>>>
(* Let $\Theta$ and $U$ be compact metric spaces, $\rho:\Theta\to L_1(\mathcal{H})$ a quantum statistical model, and $f:\Theta\times U\to[0,\infty)$ continuous. Put $\kappa_u(\theta):=f(\theta,u)\rho(\theta)$. Then for every $\epsilon>0$ and every compact $K\subseteq\Theta$ there exist a trace-class operator $W$ and $\delta>0$ such that $$-W\le\kappa_u(\theta)-\kappa_u(\eta)\le W\quad\text{for all }(\theta,\eta)\in K_\delta\text{ and all }u\in U,$$ and $\mathrm{Tr}\,W\le\epsilon$.
   Context: $\mathcal{H}$ is a Hilbert space, $L_1(\mathcal{H})$ its trace-class operators; for self-adjoint operators $A\ge B$ means $A-B$ is positive. With $d$ the metric on $\Theta$, for compact $K\subseteq\Theta$ and $\delta>0$ let $K_\delta:=\{(\theta,\eta)\in K\times K: d(\theta,\eta)<\delta\}$. For $T:\Theta\to L_1(\mathcal{H})$ with self-adjoint values, $\omega_T(K_\delta):=\inf\{\|X\|_1: X\in L_1(\mathcal{H}),\ -X\le T(\theta)-T(\eta)\le X\ \forall(\theta,\eta)\in K_\delta\}$, and $T$ is regular if $\lim_{\delta\to0}\omega_T(K_\delta)=0$ for every compact $K$. A quantum statistical model is a map $\rho:\Theta\to L_1(\mathcal{H})$ with $\rho(\theta)\ge0$, $\mathrm{Tr}\,\rho(\theta)=1$, which is injective and regular. *)

theory Defs
  imports "HOL-Analysis.Analysis"
begin

text \<open>The Hilbert space H is modelled concretely as l2(I) for an index type 'i
  (every Hilbert space is unitarily isomorphic to some l2(I)).  Vectors are
  functions 'i => complex; operators are maps on such functions, of which only the
  restriction to l2 vectors matters.\<close>

definition l2_vec :: "('i \<Rightarrow> complex) \<Rightarrow> bool" where
  "l2_vec v \<longleftrightarrow> (\<lambda>i. (cmod (v i))^2) summable_on UNIV"

definition l2_inner :: "('i \<Rightarrow> complex) \<Rightarrow> ('i \<Rightarrow> complex) \<Rightarrow> complex" where
  "l2_inner v w = infsum (\<lambda>i. cnj (v i) * w i) UNIV"

definition l2_norm :: "('i \<Rightarrow> complex) \<Rightarrow> real" where
  "l2_norm v = sqrt (infsum (\<lambda>i. (cmod (v i))^2) UNIV)"

type_synonym 'i op = "('i \<Rightarrow> complex) \<Rightarrow> ('i \<Rightarrow> complex)"

definition bounded_op :: "'i op \<Rightarrow> bool" where
  "bounded_op T \<longleftrightarrow>
     (\<forall>v. l2_vec v \<longrightarrow> l2_vec (T v)) \<and>
     (\<forall>v w a b. l2_vec v \<longrightarrow> l2_vec w \<longrightarrow>
        T (\<lambda>i. a * v i + b * w i) = (\<lambda>i. a * T v i + b * T w i)) \<and>
     (\<exists>C. \<forall>v. l2_vec v \<longrightarrow> l2_norm (T v) \<le> C * l2_norm v)"

definition op_minus :: "'i op \<Rightarrow> 'i op \<Rightarrow> 'i op" where
  "op_minus A B = (\<lambda>v i. A v i - B v i)"

definition op_uminus :: "'i op \<Rightarrow> 'i op" where
  "op_uminus A = (\<lambda>v i. - A v i)"

definition op_scale :: "real \<Rightarrow> 'i op \<Rightarrow> 'i op" where
  "op_scale c A = (\<lambda>v i. complex_of_real c * A v i)"

text \<open>Positive (bounded) operator: <v, T v> is real and nonnegative
  (on a complex Hilbert space this entails self-adjointness).\<close>
definition positive_op :: "'i op \<Rightarrow> bool" where
  "positive_op T \<longleftrightarrow> bounded_op T \<and>
     (\<forall>v. l2_vec v \<longrightarrow> l2_inner v (T v) \<in> \<real> \<and> 0 \<le> Re (l2_inner v (T v)))"

definition op_le :: "'i op \<Rightarrow> 'i op \<Rightarrow> bool" where
  "op_le A B \<longleftrightarrow> positive_op (op_minus B A)"

definition orthonormal_on :: "nat set \<Rightarrow> (nat \<Rightarrow> 'i \<Rightarrow> complex) \<Rightarrow> bool" where
  "orthonormal_on F e \<longleftrightarrow> (\<forall>k\<in>F. l2_vec (e k)) \<and>
     (\<forall>k\<in>F. \<forall>l\<in>F. l2_inner (e k) (e l) = (if k = l then 1 else 0))"

text \<open>Trace norm: ||T||_1 = sup over orthonormal families (e_k), (f_k) of
  sum_k |<f_k, T e_k>| (finite families suffice for the supremum).\<close>
definition tn_sums :: "'i op \<Rightarrow> real set" where
  "tn_sums T = {\<Sum>k\<in>F. cmod (l2_inner (f k) (T (e k))) | F e f.
                 finite F \<and> orthonormal_on F e \<and> orthonormal_on F f}"

definition trace_class :: "'i op \<Rightarrow> bool" where
  "trace_class T \<longleftrightarrow> bounded_op T \<and> bdd_above (tn_sums T)"

definition trace_norm :: "'i op \<Rightarrow> real" where
  "trace_norm T = Sup (tn_sums T)"

definition ket :: "'i \<Rightarrow> 'i \<Rightarrow> complex" where
  "ket i = (\<lambda>j. if j = i then 1 else 0)"

definition trace :: "'i op \<Rightarrow> complex" where
  "trace T = infsum (\<lambda>i. l2_inner (ket i) (T (ket i))) UNIV"

definition Kdelta :: "'a::metric_space set \<Rightarrow> real \<Rightarrow> ('a \<times> 'a) set" where
  "Kdelta K \<delta> = {(\<theta>, \<eta>). \<theta> \<in> K \<and> \<eta> \<in> K \<and> dist \<theta> \<eta> < \<delta>}"

text \<open>omega_T(K_delta); the infimum of the empty set is +infinity.\<close>
definition omega :: "('a::metric_space \<Rightarrow> 'i op) \<Rightarrow> 'a set \<Rightarrow> real \<Rightarrow> ereal" where
  "omega T K \<delta> = Inf ((\<lambda>X. ereal (trace_norm X)) `
     {X. trace_class X \<and>
         (\<forall>(\<theta>, \<eta>) \<in> Kdelta K \<delta>.
            op_le (op_uminus X) (op_minus (T \<theta>) (T \<eta>)) \<and>
            op_le (op_minus (T \<theta>) (T \<eta>)) X)})"

definition regular :: "'a::metric_space set \<Rightarrow> ('a \<Rightarrow> 'i op) \<Rightarrow> bool" where
  "regular \<Theta> T \<longleftrightarrow> (\<forall>K. K \<subseteq> \<Theta> \<longrightarrow> compact K \<longrightarrow>
      ((\<lambda>\<delta>. omega T K \<delta>) \<longlongrightarrow> 0) (at_right 0))"

definition quantum_statistical_model :: "'a::metric_space set \<Rightarrow> ('a \<Rightarrow> 'i op) \<Rightarrow> bool" where
  "quantum_statistical_model \<Theta> \<rho> \<longleftrightarrow>
     (\<forall>\<theta>\<in>\<Theta>. trace_class (\<rho> \<theta>) \<and> positive_op (\<rho> \<theta>) \<and> trace (\<rho> \<theta>) = 1) \<and>
     (\<forall>\<theta>\<in>\<Theta>. \<forall>\<eta>\<in>\<Theta>. \<theta> \<noteq> \<eta> \<longrightarrow> (\<exists>v. l2_vec v \<and> \<rho> \<theta> v \<noteq> \<rho> \<eta> v)) \<and>
     regular \<Theta> \<rho>"

end

theory Submission
  imports Defs
begin

text \<open>Regularity of \<rho> gives, for small d, a trace-class X of small trace norm with
  -X \<le> \<rho>(\<theta>) - \<rho>(\<eta>) \<le> X whenever \<theta>, \<eta> \<in> K and dist \<theta> \<eta> < d. Split
  f(\<theta>,u)\<rho>(\<theta>) - f(\<eta>,u)\<rho>(\<eta>) = f(\<theta>,u)(\<rho>(\<theta>) - \<rho>(\<eta>)) + (f(\<theta>,u) - f(\<eta>,u))\<rho>(\<eta>).
  The first term lies between -M X and M X, where M bounds f. By uniform continuity of f on
  the compact set \<Theta> \<times> U the coefficient of the second is at most \<gamma> in absolute value for
  \<theta> close to \<eta>, uniformly in u, and \<rho>(\<eta>) \<le> \<rho>(c) + X \<le> S + X, where c is the point of a
  finite d-net C of K near \<eta> and S is the sum of the states \<rho>(c) over C.
  Hence W = (M + \<gamma>) X + \<gamma> S works, and Tr W \<le> (M + \<gamma>) ||X||_1 + \<gamma> |C| is small
  once X and then \<gamma> are chosen small.\<close>

lemma norm_lincomb_power2_le:
  fixes a b x y :: "'a::real_normed_div_algebra"
  shows "(norm (a * x + b * y))\<^sup>2 \<le> 2 * (norm a)\<^sup>2 * (norm x)\<^sup>2 + 2 * (norm b)\<^sup>2 * (norm y)\<^sup>2"
proof -
  have "norm (a * x + b * y) \<le> norm a * norm x + norm b * norm y"
    by (metis norm_mult norm_triangle_ineq)
  then have "(norm (a * x + b * y))\<^sup>2 \<le> (norm a * norm x + norm b * norm y)\<^sup>2"
    by (simp add: power_mono)
  also have "\<dots> \<le> 2 * (norm a * norm x)\<^sup>2 + 2 * (norm b * norm y)\<^sup>2"
    using sum_squares_bound[of "norm a * norm x" "norm b * norm y"] by (simp add: power2_sum)
  finally show ?thesis
    by (simp add: power_mult_distrib)
qed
<<<
What is expected: Work out how many lines of the records contain the word "UNIV". Give that number and nothing more.

Result of the exercise: 4